If poetry cannot solve the problems of the here and now, then we are in deep shit. And we are in deep shit.

And if a handbag is a handbag is a handbag is a handbag is no more than the resonance of once being innovative, then we are enjoying rhythm rather than getting into the complexities of an exploration that mirrors those difficulties.

Quick aside on this route: in a lifetime, I have not had more cups of tea then can be counted on two hands. The only one I truly remember was at a backyard fence next to the field where I was stacking and securing bales of straw on a trailer. She offered and I felt it was only polite to accept.

In this chapbook’s closing sequence of poems, A new feudalism, Andrew Nightingale does explore the tease / promise / deception / fantasy and ‘incurable hope’ of all of this as ‘The market with its deathless charm [which] has no aim, no foreseeable conclusion’.

We know this – and don’t we just, after the past few weeks of it marketing itself through the Sunak/Truss snakeoil extravaganzas – and poetry continues its struggle to illuminate and interrogate,

‘The feudalism of the muse has been replaced by the pornography of the banks.’

I corrupt that line to my purposes, but I think I am entitled to do so in The Market.
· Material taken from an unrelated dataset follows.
(* Let $\mathcal{G}$ be a multi-player Markov game (as defined in the context) that admits a single controller $c \in [n]$ and satisfies the following condition: for every $T\in\mathbb{N}$ and every sequence of stationary product policies $(\pi^{(t)})_{1\le t\le T}$ there exists a stationary product policy $\pi^\star=(\pi^\star_1,\dots,\pi^\star_n)$ (which may depend on the sequence) such that $$\sum_{t=1}^T\sum_{i=1}^n V_i^{\pi^\star_i,\pi^{(t)}_{-i}}(\rho)-\sum_{t=1}^T\sum_{i=1}^n V_i^{\pi^{(t)}}(\rho)\ \ge\ 0 .$$ Run the rescaled optimistic gradient descent dynamics (defined in the context) with the operator $F_{\mathcal{G}}$ and the rescaling $A$ described in the context. Then for every $\epsilon>0$, with a suitable learning rate $\eta>0$, after $T = \frac{1}{\epsilon^2}\cdot \mathrm{poly}\big(n,\sum_{i=1}^n|\mathcal{A}_i|,|\mathcal{S}|,1/\zeta, C_{\mathcal{G}}, 1/\min_{s\in\mathcal{S}}\rho(s)\big)$ iterations, some iterate $x^{(t)}$, $t\in\{1,\dots,T\}$, is (the direct parameterization of) a stationary $\epsilon$-Nash equilibrium of $\mathcal{G}$.
   Context: A multi-player Markov game $\mathcal{G}$ consists of: players $[n]=\{1,\dots,n\}$; a finite state space $\mathcal{S}$; finite nonempty action sets $\mathcal{A}_i$ with joint action set $\mathcal{A}=\prod_i\mathcal{A}_i$; transition probabilities $\mathbb{P}(s'\mid s,a)\ge 0$ with $\zeta:=\min_{(s,a)}(1-\sum_{s'}\mathbb{P}(s'\mid s,a))>0$ (the missing mass is the probability that the game terminates); rewards $R_i:\mathcal{S}\times\mathcal{A}\to[-1,1]$; an initial distribution $\rho\in\Delta(\mathcal{S})$ with full support. A stationary policy of player $i$ is $\pi_i:\mathcal{S}\to\Delta(\mathcal{A}_i)$, directly parameterized by $x_i\in\mathcal{X}_i:=\Delta(\mathcal{A}_i)^{\mathcal{S}}$ via $x_{i,s}[a_i]=\pi_i(a_i\mid s)$; $\mathcal{X}=\prod_i\mathcal{X}_i$. The value is $V_i^{\pi}(s)=\mathbb{E}_\pi[\sum_{h=0}^H R_i(s_h,a_h)\mid s_0=s]$, where $H$ is the last step before termination, and $V_i^\pi(\rho)=\mathbb{E}_{s\sim\rho}V_i^\pi(s)$. For a (possibly correlated) policy $\mu_{-i}$ of the others, $V_i^{\dagger,\mu_{-i}}(\rho)$ is the value of a best response of player $i$ (a stationary best response exists). A stationary product policy $\pi$ is an $\epsilon$-Nash equilibrium if $\max_i\{V_i^{\dagger,\pi_{-i}}(\rho)-V_i^{\pi}(\rho)\}\le\epsilon$. The game has a single controller $c$ if $\mathbb{P}(\cdot\mid s,a)$ depends on $a$ only through $a_c$. Unnormalized visitation: $\tilde d^{\pi}_\rho[s]=\mathbb{E}_{s_0\sim\rho}\sum_{h\ge0}\mathbb{P}^\pi(s_h=s\mid s_0)$; normalized $d^\pi_\rho=\tilde d^\pi_\rho/\sum_{s}\tilde d^\pi_\rho[s]$. With a single controller, $\tilde d^\pi_\rho$ depends only on $\pi_c$ and is written $\tilde d^{\pi_c}_\rho$. Operator: $F_{\mathcal{G}}(x)=-(\nabla_{x_1}V_1^{\pi}(\rho),\dots,\nabla_{x_n}V_n^{\pi}(\rho))$. Rescaling $A(x)$ (same shape as $x$): for $i\ne c$ all coordinates equal $1$; for $i=c$ the coordinate $(s,a_c)$ equals $1/\tilde d^{\pi_c}_\rho[s]$. Rescaled optimistic gradient descent with learning rate $\eta$: starting from arbitrary $x^{(0)}=\hat x^{(1)}\in\mathcal{X}$, for $t\ge1$, $x^{(t)}=\Pi_{\mathcal{X}}(\hat x^{(t)}-\eta A(x^{(t-1)})\circ F(x^{(t-1)}))$ and $\hat x^{(t+1)}=\Pi_{\mathcal{X}}(\hat x^{(t)}-\eta A(x^{(t)})\circ F(x^{(t)}))$, where $\Pi_{\mathcal{X}}$ is Euclidean projection and $\circ$ is the coordinatewise product. Distribution mismatch coefficient: $C_{\mathcal{G}}=\max_{i}\max_{\pi_{-i}}\min_{\pi^\star_i\in\Pi^\star_i(\pi_{-i})}\|d_\rho^{\pi^\star_i,\pi_{-i}}/\rho\|_\infty$, where $\Pi^\star_i(\pi_{-i})$ is the set of stationary best responses of $i$ to $\pi_{-i}$ and the ratio is coordinatewise. *)

theory Defs
  imports "HOL-Analysis.Analysis"
begin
And this is my perplexed – delightfully so – reading of these eight pages of prose poem texts where ‘Whispers of doubt circulate in the square’ of their presentations: doubt and insights like ‘Keep showing us glorious private heavens in public spaces, the same secret desires written on pained faces’

What is so impenetrable about the obvious deceit and corruption? Is it really just ‘radio interference’? This sequence presents for me an intense look into the paradoxes and conflicts in what is so palpably controlling and destructive, the ‘Spirit voices’ and ‘private abysses.’

Back to tea and therefore Tea dance in nine songs, even with ten fingers (as I’ve indicated) I am unsure where to pitch my knowing. But I don’t need to: these are aural poems, if you simply listen, luxuriating in their aromas, as in 4. Lapsang Souchong,

‘Bewitched, oxidised and withered over pinewood fire,
Then ceremonial smoke and the fight begins,
The shaman’s tongue forks, she swallows the knife
And coils up into the air. She aspires for the West
Where she will tinge sunsets Krakatoan pink.’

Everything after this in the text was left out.